Court of Appeals of Connecticut

February 13, 1990

STATE of Connecticut
v.
Dolphus FUDGE.

Argued Dec. 5, 1989.

Page 1146

John T. Walkley, Sp. Public Defender, for appellant (defendant).

Vincent J. Dooley, Deputy Asst. State's Atty., with whom, on the brief, was Michael Dearington, State's Atty., for appellee (state).

Before DUPONT, C.J., and EDWARD Y. O'CONNELL and LAVERY, JJ.

EDWARD Y. [20 Conn.App. 666] O'CONNELL, Judge.

The defendant appeals from the judgment of conviction, after a jury trial, of the crimes of robbery in the first degree in violation of General Statutes §§ 531-134(a)(4) and 53a-8, larceny in the first degree in violation of General Statutes §§ 53a-119, 53a-122(a)(2) and 53a-8, and conspiracy to commit robbery in the first degree in violation of General Statutes §§ 53a-48(a) and 53a-134(a)(4). The defendant claims (1) that the evidence was insufficient to sustain the verdict, (2) that his simultaneous convictions for robbery in the first degree and conspiracy to commit robbery in the first degree violated his double jeopardy rights, and (3) that the court erred in instructing the jury on accomplice liability. We find no error.

The charges against the defendant relate to an armed robbery of a bank in New Haven on June 30, 1983. Testimony at trial by the state's key witness showed that the defendant helped to plan the crime but did not participate in the actual robbery,

Page 1147

which was committed by two other participants. The robbery and larceny convictions were based on General Statutes § 53a-8, which provides for accessorial liability. Additional facts are included in the discussion of the first issue.

I

The defendant first argues that the evidence was insufficient to support his convictions for larceny in the first degree and robbery in the first degree. [1] In reviewing a sufficiency of evidence claim, we give the evidence the construction most favorable to sustaining the verdict. State v. Ruth, 16 Conn.App. 148, 153-54, 547 A.2d 548 (1988), cert. denied, 209 Conn. 827, 552 A.2d [20 Conn.App. 667] 434 (1989). We then determine if any rational trier of fact could have found the essential elements of the crime beyond a reasonable doubt. State v. Kelly, 208 Conn. 365, 386, 545 A.2d 1048 (1988).

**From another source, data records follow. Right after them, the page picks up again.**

lemma fusing_reduce_left: "c = Sig \<or> c = Tau \<Longrightarrow>
  word_eq (vsg_rels n) [cl e 1, vl 1, vl 2, cl Sig 1, vl 1, vl 2, cl c 2, vl 2]
    [cl e 1, cl Sig 2, cl c 1, vl 2, vl 1, vl 2]"
proof -
  assume c: "c = Sig \<or> c = Tau"
  have "word_eq (vsg_rels n) [cl e 1, vl 1, vl 2, cl Sig 1, vl 1, vl 2, cl c 2, vl 2]
    [cl e 1, cl Sig 2, vl 1, vl 2, vl 1, vl 2, cl c 2, vl 2]"
    by (rule word_eq_rewrite[OF mixed_conj_12[of Sig], where u="[cl e 1]"
      and v="[vl 1, vl 2, cl c 2, vl 2]"]) simp_all
  also have "word_eq (vsg_rels n) \<dots> [cl e 1, cl Sig 2, vl 2, vl 1, vl 2, vl 2, cl c 2, vl 2]"
    by (rule word_eq_rewrite[OF vsg_v_braid[of 1 n 2], where u="[cl e 1, cl Sig 2]"
      and v="[vl 2, cl c 2, vl 2]"]) (use n3 in \<open>simp_all add: adj_def\<close>)
  also have "word_eq (vsg_rels n) \<dots> [cl e 1, cl Sig 2, vl 2, vl 1, cl c 2, vl 2]"
    by (rule v_square_cancelI[where k=2 and u="[cl e 1, cl Sig 2, vl 2, vl 1]"
      and v="[cl c 2, vl 2]"]) (use n3 in simp_all)
  also have "word_eq (vsg_rels n) \<dots> [cl e 1, cl Sig 2, cl c 1, vl 2, vl 1, vl 2]"
    by (rule word_eq_rewrite[OF mixed_conj_21[OF c], where u="[cl e 1, cl Sig 2]" and v="[vl 2]"])
      simp_all
  finally show ?thesis .
qed

lemma fusing_reduce_right: "c = Sig \<or> c = Tau \<Longrightarrow>
  word_eq (vsg_rels n) [cl d 2, vl 2, vl 2, cl Sig 1, vl 1, vl 2, cl c 1, vl 1]
    [cl d 2, cl Sig 1, cl c 2, vl 1, vl 2, vl 1]"
proof -
  assume c: "c = Sig \<or> c = Tau"
  have "word_eq (vsg_rels n) [cl d 2, vl 2, vl 2, cl Sig 1, vl 1, vl 2, cl c 1, vl 1]
    [cl d 2, cl Sig 1, vl 1, vl 2, cl c 1, vl 1]"
    by (rule v_square_cancelI[where k=2 and u="[cl d 2]"
      and v="[cl Sig 1, vl 1, vl 2, cl c 1, vl 1]"]) (use n3 in simp_all)
  also have "word_eq (vsg_rels n) \<dots> [cl d 2, cl Sig 1, cl c 2, vl 1, vl 2, vl 1]"
    by (rule word_eq_rewrite[OF mixed_conj_12[OF c], where u="[cl d 2, cl Sig 1]" and v="[vl 1]"])
      simp_all
  finally show ?thesis .
qed

lemma v_braid_suffix: "word_eq (vsg_rels n) (u @ [vl 2, vl 1, vl 2]) (u @ [vl 1, vl 2, vl 1])"
  by (rule word_eq_rewrite[OF vsg_v_braid[of 2 n 1], where u=u and v="[]"])
    (use n3 in \<open>simp_all add: adj_def\<close>)

lemma fusing_mu_triple_std:
  "word_eq (vsg_rels n) (fusing_product [Mu 1 2, Mu 1 3, Mu 2 3])
    (fusing_product [Mu 2 3, Mu 1 3, Mu 1 2])"
proof -
  have "word_eq (vsg_rels n) (fusing_product [Mu 1 2, Mu 1 3, Mu 2 3])
    [cl Sig 1, cl Sig 2, cl Sig 1, vl 2, vl 1, vl 2]"
    using fusing_reduce_left[of Sig Sig]
    by (simp add: vdown_def vup_def upt_rec numeral_2_eq_2 numeral_3_eq_3)
  also have "word_eq (vsg_rels n) \<dots> [cl Sig 2, cl Sig 1, cl Sig 2, vl 2, vl 1, vl 2]"
    by (rule word_eq_rewrite[OF vsg_sigma_braid[of 1 n 2], where u="[]" and v="[vl 2, vl 1, vl 2]"])
      (use n3 in \<open>simp_all add: adj_def\<close>)
  also have "word_eq (vsg_rels n) \<dots> [cl Sig 2, cl Sig 1, cl Sig 2, vl 1, vl 2, vl 1]"
    using v_braid_suffix[of "[cl Sig 2, cl Sig 1, cl Sig 2]"] by simp
  also have "word_eq (vsg_rels n) \<dots> (fusing_product [Mu 2 3, Mu 1 3, Mu 1 2])"
    using word_eq.sym[OF fusing_reduce_right[of Sig Sig]]
    by (simp add: vdown_def vup_def upt_rec numeral_2_eq_2 numeral_3_eq_3)
  finally show ?thesis .
qed

lemma fusing_mu_mu_gam_std:
  "word_eq (vsg_rels n) (fusing_product [Mu 1 2, Mu 1 3, Gam 2 3])
    (fusing_product [Gam 2 3, Mu 1 3, Mu 1 2])"
proof -
  have "word_eq (vsg_rels n) (fusing_product [Mu 1 2, Mu 1 3, Gam 2 3])
    [cl Sig 1, cl Sig 2, cl Tau 1, vl 2, vl 1, vl 2]"
    using fusing_reduce_left[of Tau Sig]
    by (simp add: vdown_def vup_def upt_rec numeral_2_eq_2 numeral_3_eq_3)
  also have "word_eq (vsg_rels n) \<dots> [cl Tau 2, cl Sig 1, cl Sig 2, vl 2, vl 1, vl 2]"
    by (rule word_eq_rewrite[OF vsg_sigma_sigma_tau[of 1 n 2], where u="[]"
      and v="[vl 2, vl 1, vl 2]"]) (use n3 in \<open>simp_all add: adj_def\<close>)
  also have "word_eq (vsg_rels n) \<dots> [cl Tau 2, cl Sig 1, cl Sig 2, vl 1, vl 2, vl 1]"
    using v_braid_suffix[of "[cl Tau 2, cl Sig 1, cl Sig 2]"] by simp
  also have "word_eq (vsg_rels n) \<dots> (fusing_product [Gam 2 3, Mu 1 3, Mu 1 2])"
    using word_eq.sym[OF fusing_reduce_right[of Sig Tau]]
    by (simp add: vdown_def vup_def upt_rec numeral_2_eq_2 numeral_3_eq_3)
  finally show ?thesis .
qed

lemma fusing_gam_mu_mu_std:
  "word_eq (vsg_rels n) (fusing_product [Gam 1 2, Mu 1 3, Mu 2 3])
    (fusing_product [Mu 2 3, Mu 1 3, Gam 1 2])"
proof -
  have "word_eq (vsg_rels n) (fusing_product [Gam 1 2, Mu 1 3, Mu 2 3])
    [cl Tau 1, cl Sig 2, cl Sig 1, vl 2, vl 1, vl 2]"
    using fusing_reduce_left[of Sig Tau]
    by (simp add: vdown_def vup_def upt_rec numeral_2_eq_2 numeral_3_eq_3)
  also have "word_eq (vsg_rels n) \<dots> [cl Sig 2, cl Sig 1, cl Tau 2, vl 2, vl 1, vl 2]"
    by (rule word_eq_rewrite_back[OF vsg_sigma_sigma_tau[of 2 n 1], where u="[]"
      and v="[vl 2, vl 1, vl 2]"]) (use n3 in \<open>simp_all add: adj_def\<close>)
  also have "word_eq (vsg_rels n) \<dots> [cl Sig 2, cl Sig 1, cl Tau 2, vl 1, vl 2, vl 1]"
    using v_braid_suffix[of "[cl Sig 2, cl Sig 1, cl Tau 2]"] by simp
  also have "word_eq (vsg_rels n) \<dots> (fusing_product [Mu 2 3, Mu 1 3, Gam 1 2])"
    using word_eq.sym[OF fusing_reduce_right[of Tau Sig]]
    by (simp add: vdown_def vup_def upt_rec numeral_2_eq_2 numeral_3_eq_3)
  finally show ?thesis .
qed

end

lemma fusing_mu_gam_swap_std:
  "2 \<le> n \<Longrightarrow> word_eq (vsg_rels n) (fusing_product [Mu 1 2, Gam 2 1])
    (fusing_product [Gam 1 2, Mu 2 1])"
proof -
  assume n: "2 \<le> n"
  have sq: "word_eq (vsg_rels n) [cl a 1, vl 1, vl 1, cl b 1, vl 1, vl 1] [cl a 1, cl b 1]" for a b
  proof -
    have "word_eq (vsg_rels n) [cl a 1, vl 1, vl 1, cl b 1, vl 1, vl 1]
      [cl a 1, cl b 1, vl 1, vl 1]"
      by (rule v_square_cancelI[where k=1 and u="[cl a 1]" and v="[cl b 1, vl 1, vl 1]"])
        (use n in simp_all)
    also have "word_eq (vsg_rels n) \<dots> [cl a 1, cl b 1]"
      by (rule v_square_cancelI[where k=1 and u="[cl a 1, cl b 1]" and v="[]"]) (use n in simp_all)
    finally show ?thesis .
  qed
  have "word_eq (vsg_rels n) (fusing_product [Mu 1 2, Gam 2 1]) [cl Sig 1, cl Tau 1]"
    using sq[of Sig Tau] by (simp add: vdown_def vup_def upt_rec numeral_2_eq_2 numeral_3_eq_3)
  also have "word_eq (vsg_rels n) \<dots> [cl Tau 1, cl Sig 1]"
    by (rule vsg_sigma_tau_commute) (use n in simp_all)
  also have "word_eq (vsg_rels n) \<dots> (fusing_product [Gam 1 2, Mu 2 1])"
    using word_eq.sym[OF sq[of Tau Sig]]
    by (simp add: vdown_def vup_def upt_rec numeral_2_eq_2 numeral_3_eq_3)
  finally show ?thesis .
qed

lemma fusing_far_std: "4 \<le> n \<Longrightarrow> c = Sig \<or> c = Tau \<Longrightarrow> d = Sig \<or> d = Tau \<Longrightarrow>
  word_eq (vsg_rels n) [cl c 1, vl 1, cl d 3, vl 3] [cl d 3, vl 3, cl c 1, vl 1]"
proof -
  assume n: "4 \<le> n" and c: "c = Sig \<or> c = Tau" and d: "d = Sig \<or> d = Tau"
  have "word_eq (vsg_rels n) ([cl c 1] @ [vl 1] @ [cl d 3, vl 3] @ [])
    ([cl c 1] @ [cl d 3, vl 3] @ [vl 1] @ [])"
    by (rule far_commuteI[where x="V 1" and L="[cl d 3, vl 3]" and u="[cl c 1]" and v="[]"])
      (use n c d in \<open>auto simp: vgen_ok_def far_def\<close>)
  also have "word_eq (vsg_rels n) \<dots> ([] @ [cl d 3, vl 3] @ [cl c 1] @ [vl 1])"
    by (rule far_commuteI[where x="c 1" and L="[cl d 3, vl 3]" and u="[]" and v="[vl 1]"])
      (use n c d in \<open>auto simp: vgen_ok_def far_def\<close>)
  finally show ?thesis by simp
qed

lemma upt_one: "[1..<1 + 2] = [1, 2::nat]" "[1..<1 + 3] = [1, 2, 3::nat]"
  "[1..<1 + 4] = [1, 2, 3, 4::nat]"
  by (simp_all add: upt_rec)

lemma fusing_mu_triple:
  assumes "distinct [i, j, k]" "set [i, j, k] \<subseteq> {1..n}"
  shows "word_eq (vsg_rels n) (wsubst fusing [pos (Mu i j), pos (Mu i k), pos (Mu j k)])
           (wsubst fusing [pos (Mu j k), pos (Mu i k), pos (Mu i j)])"
proof -
  let ?L = "\<lambda>xs. [Mu (xs!0) (xs!1), Mu (xs!0) (xs!2), Mu (xs!1) (xs!2)]"
  let ?R = "\<lambda>xs. [Mu (xs!1) (xs!2), Mu (xs!0) (xs!2), Mu (xs!0) (xs!1)]"
  have "word_eq (vsg_rels n) (fusing_product (?L [i, j, k])) (fusing_product (?R [i, j, k]))"
  proof (rule fusing_product_eq_by_relabelling[where m=3])
    show "(\<forall>g\<in>set (?L xs). pgen_ok n g) \<and> (\<forall>g\<in>set (?R xs). pgen_ok n g)"
      if "distinct xs" "set xs \<subseteq> {1..n}" "length xs = 3" for xs
      using that by (auto simp: nth_eq_iff_index_eq subset_iff dest!: nth_mem)
    show "3 \<le> n
      \<Longrightarrow> word_eq (vsg_rels n) (fusing_product (?L [1..<1 + 3])) (fusing_product (?R [1..<1 + 3]))"
      unfolding upt_one using fusing_mu_triple_std by simp
  qed (use assms in auto)
  then show ?thesis by (simp add: fusing_product_def)
qed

The state proceeded under the theory that the defendant was guilty as an accessory to the crimes of robbery in the first degree and larceny in the first degree and not that he directly participated in their commission. See General Statutes § 53a-8. [2] In support of this theory, the jury could reasonably have found the following facts. The robbery was planned in the apartment of the state's key witness. The defendant arrived at the apartment the day Before the robbery, accompanied by the men later convicted of committing the holdup. The defendant and the others had driven from New York in a van that the witness believed belonged to the defendant. That evening, the defendant and the others discussed the robbery, and the defendant, who was older than the others, did most of the talking. It was decided that the defendant would drive the getaway car while the others entered the bank. The conspirators also decided that they would plant a fake bomb in another location in order to distract the police while the robbery was in progress.

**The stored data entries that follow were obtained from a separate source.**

text \<open>The inversions of \<open>i\<^sub>\<lambda> u\<close> are those of \<open>u\<close> together with the pairs \<open>s < t\<close> in the
  same block but with \<open>u s < u t\<close>; such a pair exists iff \<open>u\<^sup>-\<^sup>1\<close> has an ascent \<open>a, a + 1\<close>
  inside one block.\<close>
lemma Inv_i_lam_comp_eq_inversions:
  assumes u: "aff_perm r u"
    and block_descent: "\<And>a. i_lam n r lam a = i_lam n r lam (a + 1) \<Longrightarrow> inv u (a + 1) < inv u a"
  shows "Inv r (i_lam n r lam \<circ> u) = inversions r u"
proof
  show "Inv r (i_lam n r lam \<circ> u) \<subseteq> inversions r u"
  proof clarify
    fix p q assume "(p, q) \<in> Inv r (i_lam n r lam \<circ> u)"
    then have pq: "1 \<le> p" "p \<le> int r" "p < q" "i_lam n r lam (u q) \<le> i_lam n r lam (u p)"
      unfolding Inv_def by auto
    show "(p, q) \<in> inversions r u"
    proof (rule ccontr)
      assume "(p, q) \<notin> inversions r u"
      moreover have "u p \<noteq> u q" using pq(3) injD[OF aff_perm_inj[OF u], of p q] by auto
      ultimately have less: "u p < u q" using pq unfolding inversions_def by auto
      have "inv u (u p) < inv u (u q)" using pq(3) inv_f_f[OF aff_perm_inj[OF u]] by simp
      then obtain a where a: "u p \<le> a" "a < u q" "inv u a < inv u (a + 1)"
        using exists_ascent_between[of "u p" "u q" "inv u"] less by auto
      have "i_lam n r lam (u p) \<le> i_lam n r lam a" "i_lam n r lam a \<le> i_lam n r lam (a + 1)"
           "i_lam n r lam (a + 1) \<le> i_lam n r lam (u q)"
        using a monoD[OF mono_i_lam] by auto
      then have "i_lam n r lam a = i_lam n r lam (a + 1)" using pq(4) by simp
      then show False using block_descent a(3) by fastforce
    qed
  qed
  show "inversions r u \<subseteq> Inv r (i_lam n r lam \<circ> u)"
    by (rule inversions_subset_Inv_i_lam_comp)
qed

text \<open>Otherwise \<open>s\<^sub>a w d\<close>, which lies in the same coset since \<open>s\<^sub>a \<in> \<SS>\<^sub>\<lambda>\<close>, would be longer.\<close>
lemma coset_maximal_block_descent:
  assumes d: "aff_perm r d" and w: "w \<in> Young n r lam"
    and max: "\<forall>x\<in>(\<lambda>w. w \<circ> d) ` Young n r lam. aff_len r x \<le> aff_len r (w \<circ> d)"
    and eq: "i_lam n r lam a = i_lam n r lam (a + 1)"
  shows "inv (w \<circ> d) (a + 1) < inv (w \<circ> d) a"
proof (rule ccontr)
  define u where "u = w \<circ> d"
  have u: "aff_perm r u" unfolding u_def using w d aff_perm_comp unfolding Young_def by blast
  have r2: "r \<ge> 2" using two_le_if_i_lam_succ_eq[OF eq] .
  assume "\<not> inv (w \<circ> d) (a + 1) < inv (w \<circ> d) a"
  moreover have "inv u a \<noteq> inv u (a + 1)"
    using aff_perm_inv_apply[OF u] by (metis add_cancel_right_right one_neq_zero)
  ultimately have asc: "inv u a < inv u (a + 1)" unfolding u_def by simp
  have "sref r a \<circ> w \<in> Young n r lam"
    using Young_comp[OF sref_in_Young[OF eq] w] .
  then have "aff_len r (sref r a \<circ> u) \<le> aff_len r u"
    using max unfolding u_def by (metis comp_assoc image_eqI)
  moreover have "card (inversions r (sref r a \<circ> u)) = Suc (card (inversions r u))"
    using card_inversions_sref_ascent[OF r2 u _ _ asc] aff_perm_inv_apply[OF u] by simp
  ultimately show False
    using aff_len_eq_card_inversions[OF r1] u aff_perm_comp[OF aff_perm_sref u] by simp
qed

end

The defendant was present when the fake bomb was prepared. In addition, the next day he twice instructed the witness to call a local television station and report the bomb threat. After the call was made, the defendant and the robbers left the witness' apartment together.

The defendant does not dispute the sufficiency of the evidence to convict the other men of the actual robbery[20 Conn.App. 668] and larceny. He claims instead that the state failed to show that he intended that conduct constituting a crime be performed.

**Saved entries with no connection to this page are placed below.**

theorem lemma2p2:
  fixes p m :: nat and lam :: "int list" and S1 S2 :: "(int list \<times> int) set"
  assumes "prime p" and "p > 2" and "m \<ge> 1"
    and core: "p_core m p lam"
    and S1_def: "S1 = {(\<alpha>, l). \<exists>i j. i < j \<and> j < m \<and> \<alpha> = vadd (eps m i) (eps m j) \<and> l \<ge> 1 \<and>
        pair_coroot (vadd lam (rho m)) \<alpha> - l * int p > 0 \<and>
        (vadd lam (rho m)) ! j - (pair_coroot (vadd lam (rho m)) \<alpha> - l * int p) < 0 \<and>
        chi m (s_dot m p \<alpha> l lam) \<noteq> 0}"
    and S2_def: "S2 = {(\<alpha>, l). \<exists>i. i < m \<and> \<alpha> = vscale 2 (eps m i) \<and> l \<ge> 1 \<and>
        pair_coroot (vadd lam (rho m)) \<alpha> - l * int p > 0 \<and>
        chi m (s_dot m p \<alpha> l lam) \<noteq> 0}"
  shows "(\<exists>\<phi> :: int list \<times> int \<Rightarrow> int list.
            (\<forall>x\<in>S1. \<phi> x \<in> {vscale 2 (eps m i) | i. i < m}) \<and>
            bij_betw (\<lambda>(\<alpha>, l). (\<phi> (\<alpha>, l), l)) S1 S2 \<and>
            (\<forall>(\<alpha>, l)\<in>S1. chi m (s_dot m p \<alpha> l lam) = - chi m (s_dot m p (\<phi> (\<alpha>, l)) l lam)))
       \<and> (\<forall>i j (l::int). i < j \<and> j < m \<and> j + 1 > nz_len lam \<and> l \<ge> 1 \<and>
            pair_coroot (vadd lam (rho m)) (vadd (eps m i) (eps m j)) - l * int p > 0 \<and>
            chi m (s_dot m p (vadd (eps m i) (eps m j)) l lam) \<noteq> 0
            \<longrightarrow> (vadd (eps m i) (eps m j), l) \<in> S1)"
proof -
  have "0 < p"
    using \<open>p > 2\<close> by simp
  have dom: "dominant m lam" and len: "length lam = m"
    using core by (simp_all add: p_core_def dominant_def)
  have S1_eq: "S1 = short_pairs m p lam"
    unfolding S1_def short_pairs_def
    using len dominant_shift_pos[OF dom] by (force simp: pair_coroot_short_root)
  have S2_eq: "S2 = long_pairs m p lam"
    unfolding S2_def long_pairs_def using len by (auto simp: pair_coroot_long_root)
  have "\<forall>x\<in>S1. long_root_of m (fst x) \<in> {vscale 2 (eps m i) | i. i < m}"
    unfolding S1_eq short_pairs_def by (auto simp: long_root_of_short_root)
  moreover have "bij_betw (\<lambda>(\<alpha>, l). (long_root_of m \<alpha>, l)) S1 S2"
    unfolding S1_eq S2_eq by (rule bij_betw_short_pairs_long_pairs[OF core \<open>0 < p\<close>])
  moreover have "\<forall>(\<alpha>, l)\<in>S1. chi m (s_dot m p \<alpha> l lam) = - chi m (s_dot m p (long_root_of m \<alpha>) l lam)"
    unfolding S1_eq using chi_s_dot_short_pair[OF core \<open>0 < p\<close>] by blast
  moreover have "(vadd (eps m i) (eps m j), l) \<in> S1"
    if "i < j" "j < m" "nz_len lam < j + 1" "1 \<le> l"
      "0 < pair_coroot (vadd lam (rho m)) (vadd (eps m i) (eps m j)) - l * int p"
      "chi m (s_dot m p (vadd (eps m i) (eps m j)) l lam) \<noteq> 0" for i j l
    using that short_root_tail_pos[OF dom, of i j l p] unfolding S1_eq short_pairs_def by auto
  ultimately show ?thesis
    by (intro conjI exI[of _ "\<lambda>(\<alpha>, l). long_root_of m \<alpha>"]) (simp_all add: split_beta)
qed

end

To justify a conviction as an accessory, the state must prove both that the defendant had the intent to aid the principal and that, in so aiding, he had the intent to commit the crime. State v. Foster, 202 Conn. 520, 525-26, 522 A.2d 277 (1987); In re Elieser C., 14 Conn.App. 445, 449, 541 A.2d 528 (1988). " 'Mere presence as an inactive companion, passive acquiescence, or the doing of innocent acts which may in fact aid the one who commits the crime must be distinguished from the criminal intent and community of unlawful purpose shared by one who knowingly and willingly assists the perpetrator of the offense in the acts which prepare for, facilitate, or consummate it. State v. Laffin, 155 Conn. 531, 536, 235 A.2d 650 (1967).' " State v. Smith, 15 Conn.App. 122, 127, 543 A.2d 301 (1988).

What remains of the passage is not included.